In 2009 the Jewish cemetery of Ioannina was vandalized four times. Greaves and a Holocaust memorial were destroyed and body parts were unearthed. A high-ranking police officer caught in the cemetery immediately after one of the incidents was not questioned by authorities. Neither the mayor, the governor nor the highest-ranking priest in the city condemned the outrage.

George Karatzaferis, the leader of the far-right political party LAOS wrote an article in his weekly newspaper calling the Jews “Christ killers” and saying that the “blood of the Jews stinks.” Left-wing leaders refused to condemn the anti-Semitic incidents or even join Greece’s commemoration of Holocaust Memorial Day in late January. “There are no good Jews,” Jimmy Panousis, a well-known liberal radio personality said on his show. “Jews are pigs and murderers, but fortunately their days are numbered.”

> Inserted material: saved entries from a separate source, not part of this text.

(* Let $n \geq 2$, $m \geq 1$, and $r \in \{0,1, \dots, n-2\}$ be integers, let $\mathcal{X}_1, \dots, \mathcal{X}_m$ be vector spaces over a field $\mathbb{F}$, and for each $a \in \{1,\dots,n\}$ let $x_a = x_{a,1}\otimes\cdots\otimes x_{a,m}$ be a product vector (all $x_{a,j}\in\mathcal{X}_j$ non-zero). Suppose that: 1. For every index $j \in \{1,\dots,m\}$, $\dim \operatorname{span} \{ x_{a, j}: a \in \{1,\dots,n\}\} \geq 2$. 2. The vector $\sum_{a =1}^n x_a$ has tensor rank $r$, and for every subset $\Gamma \subset \{1,\dots,n\}$ with $r+1 \leq |\Gamma| \leq n-1$, the vector $\sum_{a \in \Gamma} x_a$ has tensor rank at least $r+1$. Then $n+r \geq m+2$.
   Context: A product vector in $\mathcal{X}_1\otimes\cdots\otimes\mathcal{X}_m$ is a vector $x_1\otimes\cdots\otimes x_m$ with all $x_j$ non-zero. The tensor rank of a non-zero vector $v$ is the smallest positive integer $r$ such that $v$ is a sum of $r$ product vectors; the tensor rank of the zero vector is $0$. *)

theory Defs
  imports Complex_Main "HOL-Library.Function_Algebras"
begin

text \<open>Model: each space X_j is (a subspace of) the function space 'b => 'a over the field 'a.
  The tensor product X_1 (x) ... (x) X_m is realised inside the functions (nat => 'b) => 'a,
  where x_1 (x) ... (x) x_m is the function t |-> prod_{j=1..m} x_j (t j).
  This map from the algebraic tensor product is injective, so tensor rank is faithfully modelled.\<close>

definition fscale :: "'a::field \<Rightarrow> ('b \<Rightarrow> 'a) \<Rightarrow> ('b \<Rightarrow> 'a)" where
  "fscale c f = (\<lambda>x. c * f x)"

definition prod_vec :: "nat \<Rightarrow> (nat \<Rightarrow> 'b \<Rightarrow> 'a::field) \<Rightarrow> ((nat \<Rightarrow> 'b) \<Rightarrow> 'a)" where
  "prod_vec m x = (\<lambda>t. \<Prod>j\<in>{1..m}. x j (t j))"

definition is_product_vector :: "nat \<Rightarrow> ((nat \<Rightarrow> 'b) \<Rightarrow> 'a::field) \<Rightarrow> bool" where
  "is_product_vector m v \<longleftrightarrow> (\<exists>x. (\<forall>j\<in>{1..m}. x j \<noteq> 0) \<and> v = prod_vec m x)"

definition tensor_rank :: "nat \<Rightarrow> ((nat \<Rightarrow> 'b) \<Rightarrow> 'a::field) \<Rightarrow> nat" where
  "tensor_rank m v = (LEAST r. \<exists>ys. (\<forall>i<r. is_product_vector m (ys i)) \<and> v = (\<Sum>i<r. ys i))"

end

theory Submission
  imports Defs
begin

text \<open>
  Write \<open>T = x\<^sub>1 + ... + x\<^sub>n\<close> as a sum of \<open>r\<close> product vectors \<open>y\<^sub>b\<close> and consider
  the \<open>n + r\<close> product vectors \<open>x\<^sub>1, ..., x\<^sub>n, -y\<^sub>1, ..., -y\<^sub>r\<close>. They sum to zero, so their
  span has dimension at most \<open>n + r - 1\<close>. The rank hypotheses forbid any proper nonempty
  subfamily with zero sum, hence the family is connected: for every splitting into two
  nonempty parts the spans of the parts meet nontrivially.

  For a connected family of product vectors, replacing a tensor factor in which not all
  members are parallel by the constant 1 lowers the dimension of the span by at least one:
  a linear functional on that factor vanishes on some members but not on others, and the
  nontrivial intersection of the spans of the two groups is what is lost. Since by
  hypothesis every one of the \<open>m\<close> factors is non-parallel, the span has dimension at
  least \<open>m + 1\<close>, and \<open>m + 1 \<le> n + r - 1\<close>.
\<close>

interpretation fs: vector_space "fscale :: 'a::field \<Rightarrow> ('c \<Rightarrow> 'a) \<Rightarrow> ('c \<Rightarrow> 'a)"
  by unfold_locales (auto simp: fscale_def fun_eq_iff algebra_simps)

lemma fscale_apply: "fscale c f x = c * f x"
  by (simp add: fscale_def)

section \<open>Dimension counting in function spaces\<close>

lemma independent_card_le_dim:
  fixes W :: "('c \<Rightarrow> 'a::field) set"
  assumes "finite W" "fs.independent B" "B \<subseteq> fs.span W"
  shows "card B \<le> fs.dim W"
proof -
  obtain C where C: "C \<subseteq> W" "fs.independent C" "W \<subseteq> fs.span C" "card C = fs.dim W"
    by (rule fs.basis_exists)
  have "B \<subseteq> fs.span C"
    using assms(3) fs.span_minimal[OF C(3) fs.subspace_span] by blast
  moreover have "finite C"
    using C(1) assms(1) by (rule finite_subset)
  ultimately show ?thesis
    using fs.independent_span_bound[of C B] assms(2) C(4) by simp
qed

lemma dim_union_le:
  fixes A B :: "('c \<Rightarrow> 'a::field) set"
  assumes "finite A" "finite B" and "T \<noteq> 0" "T \<in> fs.span A" "T \<in> fs.span B"
  shows "fs.dim (A \<union> B) + 1 \<le> fs.dim A + fs.dim B"
proof -
  have basis_through_T: "\<exists>D. T \<in> D \<and> finite D \<and> V \<subseteq> fs.span D \<and> card D = fs.dim V"
    if "finite V" "T \<in> fs.span V" for V
  proof -
    obtain D where D: "{T} \<subseteq> D" "D \<subseteq> insert T V" "fs.independent D" "insert T V \<subseteq> fs.span D"
      using fs.maximal_independent_subset_extend[of "{T}" "insert T V"] \<open>T \<noteq> 0\<close> by auto
    have "card D = fs.dim (insert T V)"
      by (rule fs.basis_card_eq_dim) (use D in auto)
    also have "\<dots> = fs.dim V"
      by (rule fs.span_eq_dim, rule fs.span_redundant) fact
    finally show ?thesis
      using D rev_finite_subset[of "insert T V" D] that(1) by auto
  qed
  obtain DA where DA: "T \<in> DA" "finite DA" "A \<subseteq> fs.span DA" "card DA = fs.dim A"
    using basis_through_T assms by blast
  obtain DB where DB: "T \<in> DB" "finite DB" "B \<subseteq> fs.span DB" "card DB = fs.dim B"
    using basis_through_T assms by blast
  have "A \<union> B \<subseteq> fs.span (DA \<union> DB)"
    using DA(3) DB(3) fs.span_mono[of DA "DA \<union> DB"] fs.span_mono[of DB "DA \<union> DB"] by blast
  then have "fs.dim (A \<union> B) \<le> card (DA \<union> DB)"
    using DA(2) DB(2) by (simp add: fs.dim_le_card)
  moreover have "card (DA \<union> DB) + card (DA \<inter> DB) = card DA + card DB"
    using card_Un_Int[OF DA(2) DB(2)] by simp
  moreover have "card (DA \<inter> DB) \<ge> 1"
    using DA(1,2) DB(1) by (auto simp: Suc_le_eq card_gt_0_iff)
  ultimately show ?thesis
    using DA(4) DB(4) by linarith
qed

lemma dim_image_add_dim_kernel_le:
  fixes W :: "('c \<Rightarrow> 'a::field) set"
  assumes "Vector_Spaces.linear fscale fscale \<Phi>" and "finite W"
    and "P \<subseteq> W" "\<forall>p\<in>P. \<Phi> p = 0" and "Q \<subseteq> \<Phi> ` fs.span W"
  shows "fs.dim Q + fs.dim P \<le> fs.dim W"
proof -
  interpret \<Phi>: Vector_Spaces.linear fscale fscale \<Phi> by fact
  obtain C where C: "C \<subseteq> P" "fs.independent C" "P \<subseteq> fs.span C" "card C = fs.dim P"
    by (rule fs.basis_exists)
  obtain D where D: "C \<subseteq> D" "D \<subseteq> W" "fs.independent D" "W \<subseteq> fs.span D"
    using fs.maximal_independent_subset_extend[of C W] C(1,2) assms(3) by blast
  have "finite D"
    using D(2) assms(2) by (rule finite_subset)
  have "fs.span W \<subseteq> fs.span D"
    using D(4) by (rule fs.span_minimal[OF _ fs.subspace_span])
  then have "\<Phi> ` fs.span W \<subseteq> fs.span (\<Phi> ` D)"
    by (auto simp: \<Phi>.span_image)
  also have "\<dots> \<subseteq> fs.span (\<Phi> ` (D - C))"
  proof -
    have "\<Phi> ` D \<subseteq> insert 0 (\<Phi> ` (D - C))"
      using C(1) assms(4) by auto
    then show ?thesis
      using fs.span_mono[of "\<Phi> ` D" "insert 0 (\<Phi> ` (D - C))"] by simp
  qed
  finally have "fs.dim Q \<le> card (\<Phi> ` (D - C))"
    using assms(5) \<open>finite D\<close> by (intro fs.dim_le_card) auto
  also have "\<dots> \<le> card D - card C"
    using card_image_le[of "D - C" \<Phi>] card_Diff_subset[OF rev_finite_subset[OF \<open>finite D\<close> D(1)] D(1)]
      \<open>finite D\<close> by simp
  finally show ?thesis
    using fs.basis_card_eq_dim[OF D(2,4,3)] C(4) card_mono[OF \<open>finite D\<close> D(1)] by linarith
qed

section \<open>Slices of product vectors\<close>

definition slice :: "nat \<Rightarrow> 'b \<Rightarrow> ((nat \<Rightarrow> 'b) \<Rightarrow> 'a) \<Rightarrow> ((nat \<Rightarrow> 'b) \<Rightarrow> 'a)" where
  "slice j \<beta> T = (\<lambda>t. T (t(j := \<beta>)))"

lemma linear_slice: "Vector_Spaces.linear fscale fscale (slice j \<beta> :: ((nat \<Rightarrow> 'b) \<Rightarrow> 'a::field) \<Rightarrow> _)"
  by unfold_locales (auto simp: slice_def fscale_def fun_eq_iff algebra_simps)

lemma eq_0_if_slices_eq_0:
  assumes "\<And>\<beta>. slice j \<beta> T = 0"
  shows "T = 0"
proof
  fix t
  have "slice j (t j) T t = 0"
    using assms by simp
  then show "T t = 0 t"
    by (simp add: slice_def)
qed

lemma prod_vec_factor_out:
  assumes "j \<in> {1..m}"
  shows "prod_vec m X t = X j (t j) * prod_vec m (X(j := (\<lambda>_. 1))) t"
proof -
  have "prod_vec m (X(j := (\<lambda>_. 1))) t = (\<Prod>k\<in>{1..m} - {j}. X k (t k))"
    unfolding prod_vec_def using assms by (subst prod.remove[of _ j]) auto
  then show ?thesis
    unfolding prod_vec_def using assms by (simp add: prod.remove[of _ j])
qed

lemma prod_vec_unit_factor_ignores_arg:
  "prod_vec m (X(j := (\<lambda>_. 1))) (t(j := \<beta>)) = prod_vec m (X(j := (\<lambda>_. 1))) t"
  unfolding prod_vec_def by (rule prod.cong) auto

lemma slice_prod_vec:
  assumes "j \<in> {1..m}"
  shows "slice j \<beta> (prod_vec m X) = fscale (X j \<beta>) (prod_vec m (X(j := (\<lambda>_. 1))))"
proof
  fix t
  have "slice j \<beta> (prod_vec m X) t = X j \<beta> * prod_vec m (X(j := (\<lambda>_. 1))) (t(j := \<beta>))"
    unfolding slice_def using prod_vec_factor_out[OF assms, of X "t(j := \<beta>)"] by simp
  then show "slice j \<beta> (prod_vec m X) t = fscale (X j \<beta>) (prod_vec m (X(j := (\<lambda>_. 1)))) t"
    by (simp add: prod_vec_unit_factor_ignores_arg fscale_apply)
qed

lemma prod_vec_neq_0:
  assumes "\<forall>k\<in>{1..m}. X k \<noteq> 0"
  shows "prod_vec m X \<noteq> 0"
proof -
  have "\<forall>k\<in>{1..m}. \<exists>\<beta>. X k \<beta> \<noteq> 0"
    using assms by (auto simp: fun_eq_iff)
  then obtain t where "\<forall>k\<in>{1..m}. X k (t k) \<noteq> 0"
    by metis
  then have "prod_vec m X t \<noteq> 0"
    by (simp add: prod_vec_def)
  then show ?thesis
    by auto
qed

lemma is_product_vector_uminus:
  assumes "m \<ge> 1" and "is_product_vector m v"
  shows "is_product_vector m (- v)"
proof -
  obtain X where X: "\<forall>k\<in>{1..m}. X k \<noteq> 0" "v = prod_vec m X"
    using assms(2) unfolding is_product_vector_def by blast
  define X' where "X' = X(1 := fscale (-1) (X 1))"
  have one: "1 \<in> {1..m}"
    using assms(1) by simp
  have "prod_vec m X' t = - prod_vec m X t" for t
    using prod_vec_factor_out[OF one, of X' t] prod_vec_factor_out[OF one, of X t]
    by (simp add: X'_def fscale_apply)
  then have "prod_vec m X' = - prod_vec m X"
    by (simp add: fun_eq_iff)
  moreover have "\<forall>k\<in>{1..m}. X' k \<noteq> 0"
    using X(1) by (auto simp: X'_def fscale_def fun_eq_iff)
  ultimately show ?thesis
    unfolding is_product_vector_def X(2) by metis
qed

section \<open>Connected families of product vectors\<close>

definition parallel :: "('c \<Rightarrow> 'a::field) \<Rightarrow> ('c \<Rightarrow> 'a) \<Rightarrow> bool" where
  "parallel f g \<longleftrightarrow> (\<exists>c. f = fscale c g)"

lemma parallel_refl [simp]: "parallel f f"
  unfolding parallel_def by (rule exI[of _ 1]) (simp add: fscale_def)

definition nonparallel_factors :: "nat \<Rightarrow> 'i set \<Rightarrow> ('i \<Rightarrow> nat \<Rightarrow> 'b \<Rightarrow> 'a::field) \<Rightarrow> nat set" where
  "nonparallel_factors m S X = {j \<in> {1..m}. \<exists>a\<in>S. \<exists>b\<in>S. \<not> parallel (X a j) (X b j)}"

definition span_connected :: "'i set \<Rightarrow> ('i \<Rightarrow> 'c \<Rightarrow> 'a::field) \<Rightarrow> bool" where
  "span_connected S u \<longleftrightarrow> (\<forall>I. I \<subseteq> S \<longrightarrow> I \<noteq> {} \<longrightarrow> I \<noteq> S \<longrightarrow>
      (\<exists>T. T \<noteq> 0 \<and> T \<in> fs.span (u ` I) \<and> T \<in> fs.span (u ` (S - I))))"

lemma not_parallel_witness:
  fixes f g :: "'c \<Rightarrow> 'a::field"
  assumes "g \<noteq> 0" "\<not> parallel f g"
  obtains \<beta>1 \<beta>2 where "f \<beta>2 * g \<beta>1 \<noteq> f \<beta>1 * g \<beta>2"
proof -
  obtain \<beta>1 where "g \<beta>1 \<noteq> 0"
    using assms(1) by (auto simp: fun_eq_iff)
  moreover have "f \<noteq> fscale (f \<beta>1 / g \<beta>1) g"
    using assms(2) unfolding parallel_def by blast
  then obtain \<beta>2 where "f \<beta>2 \<noteq> f \<beta>1 / g \<beta>1 * g \<beta>2"
    by (auto simp: fun_eq_iff fscale_apply)
  ultimately show ?thesis
    using that by (auto simp: field_simps)
qed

The newspaper Avriani, blames American Jews for causing the global economic crisis, warning that American Jews were plotting to set off World War III. Piraeus Serafim of the Greek Orthodox Church warned of “Zionist monsters with sharp claws.” Salonica Anthimos, another church official known for his anti-Jewish statements said Jews were being punished for killing Christ.

A whole nation cannot be condemned for the rantings of a few. But let’s keep an eye on Greece, whose glory days are long gone, but whose ancestors even then were not above a massacre of innocents.